• _Problem to work on_
The expected output is exactly the lines below, starting at the line with "t = exp_ereal" and ending at the line with "lam \<Longrightarrow> M", both included; no other line belongs in it.

(Stored items from a collection)
(* Let $\mathcal M=(\mathbf M^{(\lambda)})_{\lambda>0}$ be a weight matrix on $\mathbb N_0^d$ such that for every $\lambda>0$ there exist $0<\kappa\le\lambda$ and $A\ge1$ with $M^{(\kappa)}_{\alpha+e_j}\le A^{|\alpha|+1}M^{(\lambda)}_\alpha$ for all $\alpha\in\mathbb N_0^d$ and $1\le j\le d$. Then the sequence space $\Lambda_{(\mathcal M)}$ is nuclear.
   Context: A weight matrix is a family $\mathcal M=(\mathbf M^{(\lambda)})_{\lambda>0}$ with $\mathbf M^{(\lambda)}=(M^{(\lambda)}_\alpha)_{\alpha\in\mathbb N_0^d}$ sequences of positive reals, $M^{(\lambda)}_0=1$, and $M^{(\lambda)}_\alpha\le M^{(\kappa)}_\alpha$ for all $\alpha$ whenever $0<\lambda\le\kappa$. $e_j$ denotes the $j$-th unit vector, $|\alpha|=\sum\alpha_j$. The associated weight function of $\mathbf M=(M_\alpha)$ is $\omega_{\mathbf M}(t)=\sup_{\alpha\in\mathbb N^d_{0,t}}\log\frac{|t^\alpha|}{M_\alpha}$ ($t\in\mathbb R^d$), where $\mathbb N^d_{0,t}=\{\alpha:\alpha_j=0\text{ whenever }t_j=0\}$ and $0^0:=1$. With $\alpha^{1/2}=(\alpha_1^{1/2},\dots,\alpha_d^{1/2})$ and $\|\mathbf c\|_{\mathbf M,h}:=\sup_\alpha|c_\alpha|e^{\omega_{\mathbf M}(\alpha^{1/2}/h)}$, $\Lambda_{(\mathcal M)}$ is the space of $\mathbf c\in\mathbb C^{\mathbb N_0^d}$ with $\|\mathbf c\|_{\mathbf M^{(\lambda)},h}<\infty$ for all $\lambda,h>0$, with the Fréchet topology given by the norms $\|\cdot\|_{\mathbf M^{(1/j)},1/j}$, $j\in\mathbb N$. *)

theory Defs
  imports Complex_Main "HOL-Library.Extended_Real"
begin

text \<open>Multi-indices in N_0^d are functions 'd => nat for a finite index type 'd
  (d = CARD('d)).  A weight matrix is M :: real => ('d => nat) => real,
  where M lam is the sequence M^(lam).\<close>

definition mi_length :: "('d::finite \<Rightarrow> nat) \<Rightarrow> nat" where
  "mi_length \<alpha> = (\<Sum>j\<in>UNIV. \<alpha> j)"

definition weight_matrix :: "(real \<Rightarrow> ('d::finite \<Rightarrow> nat) \<Rightarrow> real) \<Rightarrow> bool" where
  "weight_matrix M \<longleftrightarrow>
     (\<forall>lam>0. (\<forall>\<alpha>. M lam \<alpha> > 0) \<and> M lam (\<lambda>_. 0) = 1) \<and>
     (\<forall>lam kap \<alpha>. 0 < lam \<longrightarrow> lam \<le> kap \<longrightarrow> M lam \<alpha> \<le> M kap \<alpha>)"

text \<open>Associated weight function omega_M(t) = sup over beta in N^d_{0,t} of
  log(|t^beta| / M_beta), with 0^0 = 1; extended-real valued since the
  supremum may be infinite.\<close>

definition assoc_weight :: "(('d::finite \<Rightarrow> nat) \<Rightarrow> real) \<Rightarrow> ('d \<Rightarrow> real) \<Rightarrow> ereal" where
  "assoc_weight Ms t =
     (SUP \<beta>\<in>{\<beta>. \<forall>j. t j = 0 \<longrightarrow> \<beta> j = 0}.
        ereal (ln ((\<Prod>j\<in>UNIV. \<bar>t j\<bar> ^ \<beta> j) / Ms \<beta>)))"

definition exp_ereal :: "ereal \<Rightarrow> ereal" where
  "exp_ereal x = (case x of ereal r \<Rightarrow> ereal (exp r) | PInfty \<Rightarrow> \<infinity> | MInfty \<Rightarrow> 0)"

definition seq_norm :: "(('d::finite \<Rightarrow> nat) \<Rightarrow> real) \<Rightarrow> real \<Rightarrow> (('d \<Rightarrow> nat) \<Rightarrow> complex) \<Rightarrow> ereal" where
  "seq_norm Ms h c =
     (SUP \<alpha>. ereal (cmod (c \<alpha>)) *
        exp_ereal (assoc_weight Ms (\<lambda>j. sqrt (real (\<alpha> j)) / h)))"

definition Lambda_space :: "(real \<Rightarrow> ('d::finite \<Rightarrow> nat) \<Rightarrow> real) \<Rightarrow> (('d \<Rightarrow> nat) \<Rightarrow> complex) set" where
  "Lambda_space M = {c. \<forall>lam>0. \<forall>h>0. seq_norm (M lam) h c < \<infinity>}"

text \<open>Fundamental system of norms ||.||_{M^(1/j),1/j}, j = 1,2,... (indexed by n with j = n+1).\<close>

definition Lambda_norm :: "(real \<Rightarrow> ('d::finite \<Rightarrow> nat) \<Rightarrow> real) \<Rightarrow> nat \<Rightarrow> (('d \<Rightarrow> nat) \<Rightarrow> complex) \<Rightarrow> real" where
  "Lambda_norm M n c = real_of_ereal (seq_norm (M (1 / real (Suc n))) (1 / real (Suc n)) c)"

text \<open>Nuclearity (Grothendieck/Pietsch, e.g. Meise-Vogt Def. 28.1) of a locally convex
  space E of sequences whose topology is given by an increasing fundamental sequence
  of seminorms p: for every n there is m such that the canonical map from the local
  Banach space E_{p m} to the completion of E_{p n} is nuclear.  Nuclearity of this
  canonical map is expressed intrinsically: there are linear functionals f k on E with
  |f k x| <= C k * p m x and vectors z k in E with sum_k C k * p n (z k) < infinity
  and x = sum_k f k x z k in the seminorm p n for every x in E.  (Every element of the
  completion is an absolutely p n-convergent series of elements of E, so this is
  equivalent to the usual formulation with vectors in the completion.)\<close>

definition canonical_map_nuclear ::
  "('i \<Rightarrow> complex) set \<Rightarrow> (('i \<Rightarrow> complex) \<Rightarrow> real) \<Rightarrow> (('i \<Rightarrow> complex) \<Rightarrow> real) \<Rightarrow> bool" where
  "canonical_map_nuclear E p q \<longleftrightarrow>
     (\<exists>(f :: nat \<Rightarrow> ('i \<Rightarrow> complex) \<Rightarrow> complex) (z :: nat \<Rightarrow> 'i \<Rightarrow> complex) (C :: nat \<Rightarrow> real).
        (\<forall>k. \<forall>x\<in>E. \<forall>y\<in>E. f k (\<lambda>i. x i + y i) = f k x + f k y) \<and>
        (\<forall>k. \<forall>a. \<forall>x\<in>E. f k (\<lambda>i. a * x i) = a * f k x) \<and>
        (\<forall>k. \<forall>x\<in>E. cmod (f k x) \<le> C k * q x) \<and>
        (\<forall>k. z k \<in> E) \<and>
        summable (\<lambda>k. C k * p (z k)) \<and>
        (\<forall>x\<in>E. (\<lambda>N. p (\<lambda>i. x i - (\<Sum>k<N. f k x * z k i))) \<longlonglongrightarrow> 0))"

definition nuclear_seq_space ::
  "('i \<Rightarrow> complex) set \<Rightarrow> (nat \<Rightarrow> ('i \<Rightarrow> complex) \<Rightarrow> real) \<Rightarrow> bool" where
  "nuclear_seq_space E p \<longleftrightarrow> (\<forall>n. \<exists>m\<ge>n. canonical_map_nuclear E (p n) (p m))"

end

theory Submission
  imports Defs "HOL-Analysis.Analysis"
begin

text \<open>The norms of \<open>\<Lambda>_(M)\<close> are weighted sup norms with weights
  \<open>w_n(\<alpha>) = exp \<omega>_(M^(1/n))(n \<alpha>^(1/2))\<close>. In the quotients \<open>|t^\<beta>| / M_\<beta>\<close> defining
  \<open>\<omega>\<close>, one application of the shift condition pays for a factor \<open>max 1 (|t_j| / A)\<close> with
  the shifted index \<open>\<beta> + e_j\<close>; applying it \<open>4d\<close> times shows that for every \<open>n\<close> there is
  \<open>m \<ge> n\<close> with \<open>\<Prod>_j ((1 + \<alpha>_j) / 2)^2 w_n(\<alpha>) \<le> w_m(\<alpha>)\<close>. Since
  \<open>\<Sum>_\<alpha> \<Prod>_j 4 / (1 + \<alpha>_j)^2 < \<infinity>\<close>, the expansion \<open>x = \<Sum>_\<alpha> x_\<alpha> e_\<alpha>\<close> along the unit
  vectors then makes the canonical map from the \<open>m\<close>-th to the \<open>n\<close>-th local Banach space
  nuclear.\<close>

section \<open>Associated weight functions\<close>

definition admissible_index :: "('d::finite \<Rightarrow> real) \<Rightarrow> ('d \<Rightarrow> nat) \<Rightarrow> bool" where
  "admissible_index t \<beta> \<longleftrightarrow> (\<forall>j. t j = 0 \<longrightarrow> \<beta> j = 0)"

definition weight_quotient :: "(('d::finite \<Rightarrow> nat) \<Rightarrow> real) \<Rightarrow> ('d \<Rightarrow> real) \<Rightarrow> ('d \<Rightarrow> nat) \<Rightarrow> real" where
  "weight_quotient Ms t \<beta> = (\<Prod>j\<in>UNIV. \<bar>t j\<bar> ^ \<beta> j) / Ms \<beta>"

definition exp_assoc_weight :: "(('d::finite \<Rightarrow> nat) \<Rightarrow> real) \<Rightarrow> ('d \<Rightarrow> real) \<Rightarrow> ereal" where
  "exp_assoc_weight Ms t = exp_ereal (assoc_weight Ms t)"

lemma weight_matrix_pos: "weight_matrix M \<Longrightarrow> 0 < lam \<Longrightarrow> 0 < M lam \<beta>"
  and weight_matrix_zero: "weight_matrix M \<Longrightarrow> 0 < lam \<Longrightarrow> M lam (\<lambda>_. 0) = 1"
  and weight_matrix_mono: "weight_matrix M \<Longrightarrow> 0 < lam \<Longrightarrow> lam \<le> kap \<Longrightarrow> M lam \<beta> \<le> M kap \<beta>"
  unfolding weight_matrix_def by blast+

lemma exp_ereal_mono: "x \<le> y \<Longrightarrow> exp_ereal x \<le> exp_ereal y"
  by (cases x; cases y) (auto simp: exp_ereal_def)

lemma exp_ereal_add_ereal: "exp_ereal (x + ereal c) = ereal (exp c) * exp_ereal x"
  by (cases x) (auto simp: exp_ereal_def exp_add)

lemma exp_ereal_nonneg: "0 \<le> exp_ereal x"
  by (cases x) (auto simp: exp_ereal_def)

lemma assoc_weight_eq_SUP_weight_quotient:
  "assoc_weight Ms t = (SUP \<beta>\<in>Collect (admissible_index t). ereal (ln (weight_quotient Ms t \<beta>)))"
  unfolding assoc_weight_def admissible_index_def weight_quotient_def by simp

lemma weight_quotient_pos:
  assumes "admissible_index t \<beta>" "0 < Ms \<beta>"
  shows "0 < weight_quotient Ms t \<beta>"
  using assms unfolding weight_quotient_def admissible_index_def
  by (intro divide_pos_pos prod_pos) (auto simp: zero_less_power_eq)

• _Response for this exercise_
  "exp_assoc_weight Ms t = exp_ereal (assoc_weight Ms t)"

lemma weight_matrix_pos: "weight_matrix M \<Longrightarrow> 0 < lam \<Longrightarrow> 0 < M lam \<beta>"
  and weight_matrix_zero: "weight_matrix M \<Longrightarrow> 0 < lam \<Longrightarrow> M lam (\<lambda>_. 0) = 1"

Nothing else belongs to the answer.